Migrating PS 2010 to PS 2013 Walkthrough

CogsIn this post I am going to take you through the process of migrating Project Server 2010 into Project Server 2013.

Usually there are two ways of doing a migration, either an in place upgrade, where if you were particularly brave, you would take your production system and then run the installer for the new binaries on it to upgrade. I say ‘Brave’ because frequently this method of upgrade would be fraught with danger, not giving you sufficient options for dry runs or rolling back.

The other option was a database attach method, where you would build up your target environment on the new version, then migrate the databases from the old version and ‘do the upgrade’. With Project Server 2013 and SharePoint 2013, Microsoft have finally stopped supporting the in place upgrade, which in my opinion was one of the best moves ever. So for this post, we will be walking through the DB attach migration method, where we will take the four Project Server databases and the associated SharePoint content database and migrating that into Project Server 2013.

Now for the purposes of this walkthrough, I am going to assume the following:

  • You have already built a SharePoint 2013 and Project Server 2013 On Premises solution and performed the base configuration (accounts, binaries, install accounts and run the config wizard)
  • You have created a Project Server 2013 Service App in Central Administration
  • You have started the Project Service on the various servers.
  • We are only migrating the Project Server data and associated content (PWA site and project workspaces), we will not be migrating any additional SharePoint content you have in your source farm
  • You are not changing domains as you migrate the data.

Oh and most importantly, this walkthrough is for instructional purposes only, I accept no responsibility if this doesn’t work and corrupts your data. Backups and snapshots are your friends but no replacement for testing this time and time again before doing it for real.

Backup the Project Server 2010 source environment

To start with we need to back up your PS 2010 environment, ready to migrate it over to the target 2013 environment.

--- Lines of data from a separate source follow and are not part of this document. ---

(* Let $k$ be a field of characteristic zero and $a,b\in k^{*}$ such that the quadratic form $\langle 1,-a\rangle\langle 1,b\rangle$ is anisotropic over $k$. Let $\mathcal{L}$ be a finite extension of $k(T)$, and let $\mathfrak{T}$ be a prime of $\mathcal{L}$ above $T$ which is unramified over $k(T)$ and whose residue field is $k$. Let $g\in k(T)^{*}$ be such that $\operatorname{ord}_T(g)$ is non-negative and even. Then at least one of the two quadratic forms $$q_1=\langle T,-aT,-1,-g\rangle\langle 1,b\rangle,\qquad q_2=\langle T,-aT,-1,-ag\rangle\langle 1,b\rangle$$ is anisotropic over $\mathcal{L}$.
   Context: $\langle c_1,\dots,c_n\rangle$ denotes the diagonal quadratic form $c_1x_1^2+\dots+c_nx_n^2$, and the product $\langle c_1,\dots,c_n\rangle\langle d_1,\dots,d_m\rangle$ denotes the tensor product form $\langle c_id_j\rangle_{i,j}$. A form is isotropic over a field if it has a nontrivial zero there, and anisotropic otherwise. A prime above $T$ is a place of $\mathcal{L}$ over the zero of $T$ in $k(T)$; $\operatorname{ord}_T$ is the normalized valuation of $k(T)$ at $T$. *)

theory Defs
  imports "HOL-Computational_Algebra.Polynomial" "HOL-Computational_Algebra.Fraction_Field"
begin

text \<open>The rational function field k(T) is modelled as the type ('k poly) fract.\<close>

definition varT :: "'k::field poly fract" where
  "varT = Fract [:0, 1:] 1"

definition constK :: "'k::field \<Rightarrow> 'k poly fract" where
  "constK c = Fract [:c:] 1"

definition ordT :: "'k::field poly fract \<Rightarrow> int" where
  "ordT g = (THE n. \<exists>p q. p \<noteq> 0 \<and> q \<noteq> 0 \<and> g = Fract p q \<and>
                         n = int (order 0 p) - int (order 0 q))"

text \<open>Diagonal quadratic forms as coefficient lists; tensor product of diagonal forms.\<close>
definition qf_tensor :: "'a::comm_ring_1 list \<Rightarrow> 'a list \<Rightarrow> 'a list" where
  "qf_tensor cs ds = concat (map (\<lambda>c. map (\<lambda>d. c * d) ds) cs)"

definition qf_isotropic :: "'a::field list \<Rightarrow> bool" where
  "qf_isotropic cs \<longleftrightarrow> (\<exists>xs. length xs = length cs \<and> (\<exists>x\<in>set xs. x \<noteq> 0) \<and>
      sum_list (map2 (\<lambda>c x. c * x\<^sup>2) cs xs) = 0)"

definition qf_anisotropic :: "'a::field list \<Rightarrow> bool" where
  "qf_anisotropic cs \<longleftrightarrow> \<not> qf_isotropic cs"

definition field_embedding :: "('a::field \<Rightarrow> 'b::field) \<Rightarrow> bool" where
  "field_embedding \<phi> \<longleftrightarrow> \<phi> 1 = 1 \<and> (\<forall>x y. \<phi> (x + y) = \<phi> x + \<phi> y) \<and>
      (\<forall>x y. \<phi> (x * y) = \<phi> x * \<phi> y)"

definition finite_extension :: "('a::field \<Rightarrow> 'b::field) \<Rightarrow> bool" where
  "finite_extension \<phi> \<longleftrightarrow> field_embedding \<phi> \<and>
     (\<exists>B. finite B \<and> (\<forall>x. \<exists>c. x = (\<Sum>b\<in>B. \<phi> (c b) * b)))"

text \<open>A discrete valuation L* \<rightarrow> Z (values on 0 are irrelevant).\<close>
definition discrete_valuation :: "('b::field \<Rightarrow> int) \<Rightarrow> bool" where
  "discrete_valuation v \<longleftrightarrow>
     (\<forall>x y. x \<noteq> 0 \<and> y \<noteq> 0 \<longrightarrow> v (x * y) = v x + v y) \<and>
     (\<forall>x y. x \<noteq> 0 \<and> y \<noteq> 0 \<and> x + y \<noteq> 0 \<longrightarrow> min (v x) (v y) \<le> v (x + y))"

text \<open>A prime of L above T, unramified over k(T): its normalized valuation restricts to ord_T
  (ramification index 1).\<close>
definition unramified_prime_above_T :: "('k::field poly fract \<Rightarrow> 'L::field) \<Rightarrow> ('L \<Rightarrow> int) \<Rightarrow> bool" where
  "unramified_prime_above_T \<phi> v \<longleftrightarrow> discrete_valuation v \<and>
     (\<forall>g. g \<noteq> 0 \<longrightarrow> v (\<phi> g) = ordT g)"

text \<open>The residue field of the prime is k: every element of the valuation ring is congruent to a
  constant of k modulo the maximal ideal.\<close>
definition residue_field_is_k :: "('k::field poly fract \<Rightarrow> 'L::field) \<Rightarrow> ('L \<Rightarrow> int) \<Rightarrow> bool" where
  "residue_field_is_k \<phi> v \<longleftrightarrow>
     (\<forall>x. x \<noteq> 0 \<and> 0 \<le> v x \<longrightarrow>
        (\<exists>c. x = \<phi> (constK c) \<or> (x - \<phi> (constK c) \<noteq> 0 \<and> 0 < v (x - \<phi> (constK c)))))"

end

theory Submission
  imports Defs
begin
lemma choose_gchoose_eq_gegenbauer_term:
  assumes "2 * k \<le> n"
  shows "of_nat ((n - k) choose k) * ((- of_nat m gchoose (n - k)) * (- 2 * t) ^ (2 * (n - k) - n))
       = (-1)^k * pochhammer (of_nat m) (n - k) / (fact k * fact (n - 2*k))
           * (2 * t :: complex) ^ (n - 2*k)"
proof -
  obtain j where n: "n = 2 * k + j" using assms le_Suc_ex by blast
  have choose: "of_nat ((k + j) choose k) = (fact (k + j) / (fact k * fact j) :: complex)"
    using binomial_fact[of k "k + j"] by simp
  have "(- 2 * t) ^ j = (-1) ^ j * (2 * t) ^ j"
    using power_minus[of "2 * t" j] by simp
  moreover have "(-1 :: complex) ^ j * (-1) ^ j = 1"
    by (simp flip: power_add)
  ultimately have sign: "(-1) ^ (k + j) * (- 2 * t) ^ j = (-1) ^ k * (2 * t :: complex) ^ j"
    by (simp add: power_add algebra_simps)
  have "of_nat ((n - k) choose k) * ((- of_nat m gchoose (n - k)) * (- 2 * t) ^ (2 * (n - k) - n))
      = of_nat ((k + j) choose k) * (pochhammer (of_nat m) (k + j) / fact (k + j))
          * ((-1) ^ (k + j) * (- 2 * t) ^ j)"
    by (simp add: n gbinomial_pochhammer algebra_simps)
  also have "\<dots> = (-1)^k * pochhammer (of_nat m) (k + j) / (fact k * fact j) * (2 * t) ^ j"
    unfolding sign choose by simp
  finally show ?thesis by (simp add: n)
qed
(* Consider two GP-ASSMs (as defined in the context), built from the same training data, kernel and mean function, with maximum memory lengths $\overline m,\overline m'\in\mathbb{N}$, $\overline m'>\overline m$, evaluated along the same states and inputs $\bm\xi_{0:t}$, so that $\bm x_{t+1}^m\sim\mathcal N(\bm f_t(\bm\xi_t,\Xi^m_t),F_t(\bm\xi_t,\Xi^m_t))$ and $\bm x_{t+1}^{m'}\sim\mathcal N(\bm f_t(\bm\xi_t,\Xi^{m'}_t),F_t(\bm\xi_t,\Xi^{m'}_t))$. Then $$\operatorname{tr}\big(F_t(\bm\xi_t,\Xi^{m'}_t)\big)\le\operatorname{tr}\big(F_t(\bm\xi_t,\Xi^{m}_t)\big)$$ holds for all $t\in\mathbb{N}$.
   Context: Training set $\mathcal D=\{X,Y\}$ with input matrix $X\in\mathbb{R}^{n_\xi\times n_{\mathcal D}}$ and output matrix $Y\in\mathbb{R}^{n_{\mathcal D}\times n_x}$, outputs corrupted by Gaussian noise $\mathcal N(0,\sigma_n^2 I)$. A kernel $k:\mathbb{R}^{n_\xi}\times\mathbb{R}^{n_\xi}\to\mathbb{R}$ (symmetric, positive semidefinite) and a continuous mean function $m:\mathbb{R}^{n_\xi}\to\mathbb{R}$ are used for every output dimension. For matrices $A=[a_1,\dots,a_p]$, $B=[b_1,\dots,b_q]$ with columns in $\mathbb{R}^{n_\xi}$, $K(A,B)$ is the $p\times q$ matrix with entries $k(a_i,b_j)$, $\bm k(z,A)=(k(z,a_1),\dots,k(z,a_p))^\top$, $\bm m(A)=(m(a_1),\dots,m(a_p))^\top$, and $K:=K(X,X)$. GP-ASSM with maximum memory length $\overline m\in\mathbb{N}$: states $\bm x_t\in\mathbb{R}^{n_x}$, inputs $\bm u_t\in\mathbb{R}^{n_u}$, $\bm\xi_t=[\bm x_t;\bm u_t]\in\mathbb{R}^{n_\xi}$, $n_\xi=n_x+n_u$. For $t\in\mathbb{N}$ let $\underline m=\min(t,\overline m)$, memory $\Xi^m_t=[\bm\xi_{t-1},\dots,\bm\xi_{t-\underline m}]$ (empty if $\underline m=0$), $X^m_t=[X,\bm\xi_{t-\underline m},\dots,\bm\xi_{t-1}]$, $Y^m_t=[Y^\top,\bm x_{t-\underline m+1},\dots,\bm x_t]^\top$, and with $\Xi=[\bm\xi_{t-\underline m},\dots,\bm\xi_{t-1}]$, $K^m_t=\begin{bmatrix}K+\sigma_n^2I & K(X,\Xi)\\ K(\Xi,X)&K(\Xi,\Xi)\end{bmatrix}$ (and $K^m_t=K+\sigma_n^2 I$ if $\underline m=0$). Define $\bm f_t(\bm\xi_t,\Xi^m_t)\in\mathbb{R}^{n_x}$ with $i$-th component $m(\bm\xi_t)+\bm k(\bm\xi_t,X^m_t)^\top(K^m_t)^{-1}\big((Y^m_t)_{:,i}-\bm m(X^m_t)\big)$ and the diagonal matrix $F_t(\bm\xi_t,\Xi^m_t)$ with all diagonal entries $k(\bm\xi_t,\bm\xi_t)-\bm k(\bm\xi_t,X^m_t)^\top(K^m_t)^{-1}\bm k(\bm\xi_t,X^m_t)$ (inverses are Moore–Penrose pseudoinverses if singular). The GP-ASSM generates $\bm x^m_{t+1}\mid\bm\xi_{0:t}\sim\mathcal N(\bm f_t(\bm\xi_t,\Xi^m_t),F_t(\bm\xi_t,\Xi^m_t))$; quantities with superscript $m'$ are defined in the same way with $\overline m'$ in place of $\overline m$. *)

theory Defs
  imports "Jordan_Normal_Form.Matrix"
begin

definition mat_trace :: "real mat \<Rightarrow> real" where
  "mat_trace A = (\<Sum>i<dim_row A. A $$ (i, i))"

definition is_mp_pinv :: "real mat \<Rightarrow> real mat \<Rightarrow> bool" where
  "is_mp_pinv A B \<longleftrightarrow> B \<in> carrier_mat (dim_col A) (dim_row A) \<and>
     A * B * A = A \<and> B * A * B = B \<and>
     transpose_mat (A * B) = A * B \<and> transpose_mat (B * A) = B * A"

definition mp_pinv :: "real mat \<Rightarrow> real mat" where
  "mp_pinv A = (SOME B. is_mp_pinv A B)"

definition psd_kernel :: "nat \<Rightarrow> (real vec \<Rightarrow> real vec \<Rightarrow> real) \<Rightarrow> bool" where
  "psd_kernel n k \<longleftrightarrow>
     (\<forall>a b. a \<in> carrier_vec n \<longrightarrow> b \<in> carrier_vec n \<longrightarrow> k a b = k b a) \<and>
     (\<forall>as c. set as \<subseteq> carrier_vec n \<longrightarrow>
        (\<Sum>i<length as. \<Sum>j<length as. c i * c j * k (as ! i) (as ! j)) \<ge> 0)"

definition cont_mean :: "nat \<Rightarrow> (real vec \<Rightarrow> real) \<Rightarrow> bool" where
  "cont_mean n m \<longleftrightarrow> (\<forall>v \<in> carrier_vec n. \<forall>\<epsilon>>0. \<exists>\<delta>>0. \<forall>w \<in> carrier_vec n.
     sqrt (\<Sum>i<n. (w $ i - v $ i)\<^sup>2) < \<delta> \<longrightarrow> \<bar>m w - m v\<bar> < \<epsilon>)"

definition kmat :: "(real vec \<Rightarrow> real vec \<Rightarrow> real) \<Rightarrow> real vec list \<Rightarrow> real vec list \<Rightarrow> real mat" where
  "kmat k as bs = mat (length as) (length bs) (\<lambda>(i, j). k (as ! i) (bs ! j))"

definition kvec :: "(real vec \<Rightarrow> real vec \<Rightarrow> real) \<Rightarrow> real vec \<Rightarrow> real vec list \<Rightarrow> real vec" where
  "kvec k z as = vec (length as) (\<lambda>i. k z (as ! i))"

definition mvec :: "(real vec \<Rightarrow> real) \<Rightarrow> real vec list \<Rightarrow> real vec" where
  "mvec m as = vec (length as) (\<lambda>i. m (as ! i))"

definition mem_pts :: "nat \<Rightarrow> (nat \<Rightarrow> real vec) \<Rightarrow> nat \<Rightarrow> real vec list" where
  "mem_pts mbar \<xi> t = map \<xi> [t - min t mbar ..< t]"

definition Xm :: "real mat \<Rightarrow> nat \<Rightarrow> (nat \<Rightarrow> real vec) \<Rightarrow> nat \<Rightarrow> real vec list" where
  "Xm X mbar \<xi> t = cols X @ mem_pts mbar \<xi> t"

definition Ym :: "real mat \<Rightarrow> nat \<Rightarrow> (nat \<Rightarrow> real vec) \<Rightarrow> nat \<Rightarrow> real mat" where
  "Ym Y mbar x t = (let ms = map x [t - min t mbar + 1 ..< t + 1] in
     mat (dim_row Y + length ms) (dim_col Y)
       (\<lambda>(i, j). if i < dim_row Y then Y $$ (i, j) else (ms ! (i - dim_row Y)) $ j))"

In SQL Server, choose to backup the four Project Server databases and the content database that holds the PWA site collection and Project workspaces. To do this, right click on the database name, choose Tasks and then Backup.

Backup Databases

Now in a real production migration scenario there are a number of other options you may need to consider, including outage notices, restricting users from accessing the system during the migration etc etc. I am not going to cover those here. This is just to give you a broad walk through of the process.

Restore the databases to the Project Server 2013 target environment

Restore the five databases backed up previously to the Project Server 2013 database server using the following method:

Right Click on the Database node and click on Restore Database…

Restore Database

Choose Device (1), select the location where the database backup files are located (2), add the backup device (3), click ok (4) and ok (5) again to commence the restore.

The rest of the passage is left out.